___ Available data ___
(* Let $\mathcal{P}=(\mathcal{P},m,\Delta,\delta)$ be a double twisted bialgebra and $\mathcal{Q}$ a species. The formula $\phi\leftarrow f=(\phi\otimes f)\circ\delta$ (i.e. $(\phi\leftarrow f)[A](x)=\sum f[A](x'')\phi[A](x')$ where $\delta_A(x)=\sum x'\otimes x''$) defines a right action of the monoid $M_{\mathcal{P}}=(\mathrm{Char}(\mathcal{P}),\star)$ on the set $\mathrm{Mor}(\mathcal{P},\mathcal{Q})$ of species morphisms $\mathcal{P}\to\mathcal{Q}$; in particular $(\phi\leftarrow f)\leftarrow g=\phi\leftarrow(f\star g)$. Moreover: (1) if $\mathcal{Q}$ is a twisted algebra, the set $\mathrm{Mor}_A(\mathcal{P},\mathcal{Q})$ of twisted algebra morphisms is stable under this action; (2) if $\mathcal{Q}$ is a twisted coalgebra, the set $\mathrm{Mor}_C(\mathcal{P},\mathcal{Q})$ of twisted coalgebra morphisms is stable under this action; (3) if $\mathcal{Q}$ is a twisted bialgebra, the set $\mathrm{Mor}_B(\mathcal{P},\mathcal{Q})$ of twisted bialgebra morphisms is stable under this action.
   Context: Work over a field $\mathbb{K}$. Species, twisted algebras (natural associative $m_{A,B}:\mathcal{P}[A]\otimes\mathcal{P}[B]\to\mathcal{P}[A\sqcup B]$ with unit $1_{\mathcal{P}}$), twisted coalgebras (natural coassociative $\Delta_{A,B}:\mathcal{P}[A\sqcup B]\to\mathcal{P}[A]\otimes\mathcal{P}[B]$ with counit $\varepsilon$) and twisted bialgebras are taken in the category of species with the Cauchy product; morphisms are natural families of linear maps compatible with the structures. A double twisted bialgebra is $(\mathcal{P},m,\Delta,\delta)$ with: (i) $(\mathcal{P},m,\Delta)$ a twisted bialgebra with counit $\varepsilon$; (ii) for each finite set $A$ a coassociative coproduct $\delta_A:\mathcal{P}[A]\to\mathcal{P}[A]\otimes\mathcal{P}[A]$ with counit $\varepsilon'_A$, natural in bijections; (iii) $\delta$ multiplicative ($\delta(xy)=\sum x'y'\otimes x''y''$, $\delta_\emptyset(1)=1\otimes1$); (iv) $(\Delta_{A,B}\otimes Id)\circ\delta_{A\sqcup B}=m_{1,3,24}\circ(\delta_A\otimes\delta_B)\circ\Delta_{A,B}$ with $m_{1,3,24}(x\otimes y\otimes z\otimes t)=x\otimes z\otimes m_{A,B}(y\otimes t)$; (v) $(\varepsilon\otimes Id)\delta_\emptyset(x)=\varepsilon(x)1_{\mathcal{P}}$ for $x\in\mathcal{P}[\emptyset]$. $\mathrm{Char}(\mathcal{P})$ is the set of characters: natural families of linear forms $f[A]:\mathcal{P}[A]\to\mathbb{K}$ with $f(xy)=f(x)f(y)$ and $f(1_{\mathcal{P}})=1$. The product $\star$ is $(f\star g)(x)=\sum f(x')g(x'')$ where $\delta_A(x)=\sum x'\otimes x''$; $(\mathrm{Char}(\mathcal{P}),\star)$ is a monoid with unit $\varepsilon'$. *)

theory Defs
  imports Complex_Main
begin
(* For a bounded CAD geometry $\Omega \subset \mathbb{R}^d$ with a smoothly twice-differentiable boundary $\partial \Omega$, and a sufficiently refined background mesh, the volume insertion error is bounded by $|V_{\textup{exact}} - V_h| \leq C h^{2}$, where $V_h$ and $V_{\textup{exact}}$ are the approximate and exact volumes, respectively, $C$ is a constant, and $h$ is the background element size.
   Context: The geometry $\Omega$ is covered by a mesh $\mathcal{T} = \cup_e \overline{K^e}$ of hexahedral elements $\{K^e\}_{e=1}^{n_{\text{el}}}$ of size $h$. The approximate volume $V_h$ is produced by a volume fraction insertion procedure: in each element (or subhexahedron at the finest adaptive subdivision) intersecting $\partial\Omega$, the geometry is approximated by a plane through the point $\boldsymbol{x}_p \in \partial\Omega$ closest to the element's mean-coordinate centroid $\boldsymbol{x}_c$, with normal parallel to $\boldsymbol{x}_c - \boldsymbol{x}_p$ and oriented outward from $\Omega$ (determined via an inside/outside query); the volume of the element cut by this plane on the inside gives the element's contribution, while elements entirely inside or outside $\Omega$ contribute their full volume or zero. Equivalently, with $f(\boldsymbol{x},\Omega)$ the signed distance to $\partial\Omega$ (negative inside $\Omega$), $\Phi$ the step function ($\Phi(x)=1$ for $x\le 0$, $0$ otherwise), and $g^e(\boldsymbol{x}) = f(\boldsymbol{x}_p,\Omega) + (\boldsymbol{x}-\boldsymbol{x}_p)\cdot\nabla_{\boldsymbol{x}} f(\boldsymbol{x}_p,\Omega)$ the local linear approximation of $f$ on $K^e$, one has $V_{\text{exact}} = \sum_{K^e} \int_{K^e} \Phi(f(\boldsymbol{x},\Omega))\,\mathrm{d}\boldsymbol{x}$ and $V_h = \sum_{K^e} \int_{K^e} \Phi(g^e(\boldsymbol{x}))\,\mathrm{d}\boldsymbol{x}$. *)

theory Defs
  imports "HOL-Analysis.Analysis"
begin

definition signed_dist :: "'a::euclidean_space set \<Rightarrow> 'a \<Rightarrow> real" where
  "signed_dist \<Omega> x =
     (if x \<in> \<Omega> then - infdist x (frontier \<Omega>) else infdist x (frontier \<Omega>))"

definition grad_at :: "('a::euclidean_space \<Rightarrow> real) \<Rightarrow> 'a \<Rightarrow> 'a" where
  "grad_at f x = (SOME v. (f has_derivative (\<lambda>y. v \<bullet> y)) (at x))"

definition C2_boundary :: "'a::euclidean_space set \<Rightarrow> bool" where
  "C2_boundary \<Omega> \<longleftrightarrow>
     (\<forall>p\<in>frontier \<Omega>. \<exists>U (\<phi>::'a \<Rightarrow> real) (D1::'a \<Rightarrow> 'a) (D2::'a \<Rightarrow> 'a \<Rightarrow>\<^sub>L 'a).
        open U \<and> p \<in> U \<and> \<Omega> \<inter> U = {x\<in>U. \<phi> x < 0} \<and>
        (\<forall>x\<in>U. (\<phi> has_derivative (\<lambda>v. D1 x \<bullet> v)) (at x)) \<and>
        (\<forall>x\<in>U. (D1 has_derivative blinfun_apply (D2 x)) (at x)) \<and>
        continuous_on U D2 \<and>
        (\<forall>x\<in>U. D1 x \<noteq> 0))"

definition int_pts :: "'a::euclidean_space set" where
  "int_pts = {k. \<forall>i\<in>Basis. k \<bullet> i \<in> \<int>}"

definition grid_cell :: "real \<Rightarrow> 'a::euclidean_space \<Rightarrow> 'a set" where
  "grid_cell h k = cbox (h *\<^sub>R k) (h *\<^sub>R (k + One))"

definition cell_centroid :: "real \<Rightarrow> 'a::euclidean_space \<Rightarrow> 'a" where
  "cell_centroid h k = h *\<^sub>R (k + (1/2) *\<^sub>R One)"

text \<open>Contribution of one element; cp selects a closest boundary point.\<close>
definition elem_vol :: "'a::euclidean_space set \<Rightarrow> real \<Rightarrow> ('a \<Rightarrow> 'a) \<Rightarrow> 'a \<Rightarrow> real" where
  "elem_vol \<Omega> h cp k =
     (let K = grid_cell h k; xp = cp (cell_centroid h k) in
      if K \<inter> frontier \<Omega> \<noteq> {} then
        measure lebesgue {x\<in>K. signed_dist \<Omega> xp
                + (x - xp) \<bullet> grad_at (signed_dist \<Omega>) xp \<le> 0}
      else if K \<subseteq> \<Omega> then measure lebesgue K
      else 0)"

definition V_h :: "'a::euclidean_space set \<Rightarrow> real \<Rightarrow> ('a \<Rightarrow> 'a) \<Rightarrow> real" where
  "V_h \<Omega> h cp = (\<Sum>k\<in>{k\<in>int_pts. grid_cell h k \<inter> closure \<Omega> \<noteq> {}}. elem_vol \<Omega> h cp k)"

definition V_exact :: "'a::euclidean_space set \<Rightarrow> real" where
  "V_exact \<Omega> = measure lebesgue {x. signed_dist \<Omega> x \<le> 0}"

end

theory Submission
  imports Defs
begin

text \<open>
  A bounded domain with \<open>C\<^sup>2\<close> boundary has touching interior and exterior balls of one radius
  \<open>r\<close> at every boundary point (a second-order Taylor bound for a local defining function, plus
  compactness of the boundary). Squeezed between these balls, the signed distance satisfies
  \<open>|f(x) - (x - p) \<bullet> n| \<le> |x - p|\<^sup>2 / r\<close> at a boundary point \<open>p\<close> with outer normal \<open>n\<close>. So \<open>f\<close> is
  differentiable at \<open>p\<close> with gradient \<open>n\<close>, and on an element of size \<open>h\<close> meeting the boundary
  the plane \<open>g\<^sup>e\<close> differs from \<open>f\<close> by at most \<open>\<eta> = (2 d h)\<^sup>2 / r\<close>. Hence the error of such an
  element is bounded by the measure of its part of the tube \<open>{x. dist(x, \<partial>\<Omega>) \<le> \<eta>}\<close>, while
  elements not meeting the boundary are exact. Summing, the total error is at most the measure
  of the tube, which is \<open>O(\<eta>) = O(h\<^sup>2)\<close>: locally the tube lies in a thin band around a level set
  of a function with a partial derivative bounded away from zero, and counting grid cells
  column by column bounds its measure linearly in the width.
\<close>

section \<open>Signed distance between touching balls\<close>

lemma infdist_frontier_le_dist:
  fixes x z :: "'a::euclidean_space"
  assumes "x \<in> S \<longleftrightarrow> z \<notin> S"
  shows "infdist x (frontier S) \<le> dist x z"
proof -
  have "closed_segment x z \<inter> frontier S \<noteq> {}"
    by (rule connected_Int_frontier) (use assms in \<open>auto intro: connected_segment\<close>)
  then obtain y where y: "y \<in> closed_segment x z" "y \<in> frontier S" by blast
  moreover have "dist x y \<le> dist x z"
    using dist_in_closed_segment[OF y(1)] by (simp add: dist_commute)
  ultimately show ?thesis using infdist_le2 by blast
qed

lemma infdist_frontier_le_dist_ball:
  fixes x c :: "'a::euclidean_space"
  assumes "0 < r" "r \<le> dist x c" "\<And>z. z \<in> ball c r \<Longrightarrow> x \<in> S \<longleftrightarrow> z \<notin> S"
  shows "infdist x (frontier S) \<le> dist x c - r"
proof -
  define z where "z = c + (r / dist x c) *\<^sub>R (x - c)"
  have "x - z = (1 - r / dist x c) *\<^sub>R (x - c)"
    by (simp add: z_def algebra_simps)
  moreover have "0 \<le> 1 - r / dist x c"
    using assms(1,2) by (simp add: divide_le_eq_1)
  ultimately have "dist x z = (1 - r / dist x c) * dist x c"
    by (simp add: dist_norm)
  also have "\<dots> = dist x c - r"
    using assms(1,2) by (auto simp: field_simps)
  finally have dist_z: "dist x z = dist x c - r" .
  have "z \<in> closure (ball c r)"
    using assms(1,2) by (simp add: z_def dist_norm)
  then have "infdist x (frontier S) \<le> dist x z"
    by (rule continuous_ge_on_closure[where f="dist x", rotated])
       (use assms(3) infdist_frontier_le_dist in \<open>auto intro: continuous_intros\<close>)
  then show ?thesis
    using dist_z by simp
qed

lemma norm_diff_scaleR_unit_square:
  fixes u n :: "'a::real_inner"
  assumes "norm n = 1"
  shows "norm (u - c *\<^sub>R n)^2 = norm u ^ 2 - 2 * c * (u \<bullet> n) + c^2"
proof -
  have "norm (u - c *\<^sub>R n)^2 = (u - c *\<^sub>R n) \<bullet> (u - c *\<^sub>R n)"
    by (simp only: power2_norm_eq_inner)
  also have "\<dots> = u \<bullet> u - 2 * c * (u \<bullet> n) + c^2 * (n \<bullet> n)"
    by (simp add: inner_diff_left inner_diff_right inner_commute[of n u] power2_eq_square
        algebra_simps)
  finally show ?thesis
    using assms by (simp add: power2_norm_eq_inner norm_eq_1)
qed

definition touching_balls :: "'a::euclidean_space set \<Rightarrow> real \<Rightarrow> 'a \<Rightarrow> 'a \<Rightarrow> bool" where
  "touching_balls S r q n \<longleftrightarrow>
     norm n = 1 \<and> ball (q + r *\<^sub>R n) r \<inter> S = {} \<and> ball (q - r *\<^sub>R n) r \<subseteq> S"

lemma infdist_ge_dist_ball:
  fixes x c :: "'a::euclidean_space"
  assumes "A \<noteq> {}" "ball c r \<inter> A = {}"
  shows "r - dist x c \<le> infdist x A"
proof -
  have "r - dist x c \<le> dist x a" if "a \<in> A" for a
    using that assms(2) dist_triangle[of a c x] by (force simp: dist_commute)
  then show ?thesis
    using assms(1) by (simp add: infdist_notempty cINF_greatest)
qed

lemma signed_dist_ge_exterior_ball:
  fixes c :: "'a::euclidean_space"
  assumes "frontier S \<noteq> {}" "0 < r" "ball c r \<inter> S = {}"
  shows "r - dist x c \<le> signed_dist S x"
proof (cases "x \<in> S")
  case True
  then have "r \<le> dist x c"
    using assms(3) by (force simp: dist_commute)
  with assms True have "infdist x (frontier S) \<le> dist x c - r"
    by (intro infdist_frontier_le_dist_ball) auto
  then show ?thesis
    using True by (simp add: signed_dist_def)
next
  case False
  have "ball c r \<inter> closure S = {}"
    using assms(3) by (simp add: open_Int_closure_eq_empty)
  then have "ball c r \<inter> frontier S = {}"
    by (auto simp: frontier_def)
  then have "r - dist x c \<le> infdist x (frontier S)"
    by (rule infdist_ge_dist_ball[OF assms(1)])
  then show ?thesis
    using False by (simp add: signed_dist_def)
qed

lemma signed_dist_le_interior_ball:
  fixes c :: "'a::euclidean_space"
  assumes "frontier S \<noteq> {}" "0 < r" "ball c r \<subseteq> S"
  shows "signed_dist S x \<le> dist x c - r"
proof (cases "x \<in> S")
  case False
  then have "r \<le> dist x c"
    using assms(3) by (force simp: dist_commute)
  with assms False have "infdist x (frontier S) \<le> dist x c - r"
    by (intro infdist_frontier_le_dist_ball) auto
  then show ?thesis
    using False by (simp add: signed_dist_def)
next
  case True
  have "ball c r \<subseteq> interior S"
    using assms(3) by (simp add: interior_maximal)
  then have "ball c r \<inter> frontier S = {}"
    by (auto simp: frontier_def)
  then have "r - dist x c \<le> infdist x (frontier S)"
    by (rule infdist_ge_dist_ball[OF assms(1)])
  then show ?thesis
    using True by (simp add: signed_dist_def)
qed

text \<open>The signed distance is squeezed between the distances to the two touching balls.\<close>

lemma signed_dist_tangent_plane:
  fixes p x :: "'a::euclidean_space"
  assumes balls: "touching_balls S r p n" and "p \<in> frontier S" "0 < r" "norm (x - p) \<le> r"
  shows "\<bar>signed_dist S x - (x - p) \<bullet> n\<bar> \<le> norm (x - p)^2 / r"
proof -
  define u where "u = x - p"
  define a where "a = u \<bullet> n"
  define t where "t = norm u ^ 2 / r"
  have n: "norm n = 1" "norm (-n) = 1"
    using balls by (auto simp: touching_balls_def)
  have bounds: "\<bar>a\<bar> \<le> norm u" "norm u \<le> r" "0 \<le> t"
    using Cauchy_Schwarz_ineq2[of u n] n assms(3,4) by (simp_all add: a_def u_def t_def)
  have rt: "r * t = norm u ^ 2"
    using assms(3) by (simp add: t_def)
  have "norm (u - r *\<^sub>R n) \<le> r - a + t"
  proof (rule power2_le_imp_le)
    have "(r - a + t)^2 = norm (u - r *\<^sub>R n)^2 + ((a - t)^2 + norm u ^ 2)"
      using norm_diff_scaleR_unit_square[OF n(1), of u r] rt
      by (simp add: a_def power2_eq_square algebra_simps)
    then show "norm (u - r *\<^sub>R n)^2 \<le> (r - a + t)^2"
      by simp
  qed (use bounds in linarith)
  moreover have "norm (u + r *\<^sub>R n) \<le> r + a + t"
  proof (rule power2_le_imp_le)
    have "(r + a + t)^2 = norm (u + r *\<^sub>R n)^2 + ((a + t)^2 + norm u ^ 2)"
      using norm_diff_scaleR_unit_square[OF n(2), of u r] rt
      by (simp add: a_def power2_eq_square algebra_simps)
    then show "norm (u + r *\<^sub>R n)^2 \<le> (r + a + t)^2"
      by simp
  qed (use bounds in linarith)
  moreover have "r - dist x (p + r *\<^sub>R n) \<le> signed_dist S x"
    using balls assms(2,3) by (intro signed_dist_ge_exterior_ball) (auto simp: touching_balls_def)
  moreover have "signed_dist S x \<le> dist x (p - r *\<^sub>R n) - r"
    using balls assms(2,3) by (intro signed_dist_le_interior_ball) (auto simp: touching_balls_def)
  moreover have "dist x (p + r *\<^sub>R n) = norm (u - r *\<^sub>R n)" "dist x (p - r *\<^sub>R n) = norm (u + r *\<^sub>R n)"
    by (simp_all add: dist_norm u_def algebra_simps)
  ultimately have "\<bar>signed_dist S x - a\<bar> \<le> t"
    by linarith
  then show ?thesis
    by (simp add: a_def t_def u_def)
qed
___
◆ Problem requirements
Show all lines from the data above in which the word "else" appears.

◆ Answer box
     (if x \<in> \<Omega> then - infdist x (frontier \<Omega>) else infdist x (frontier \<Omega>))"
      else if K \<subseteq> \<Omega> then measure lebesgue K
      else 0)"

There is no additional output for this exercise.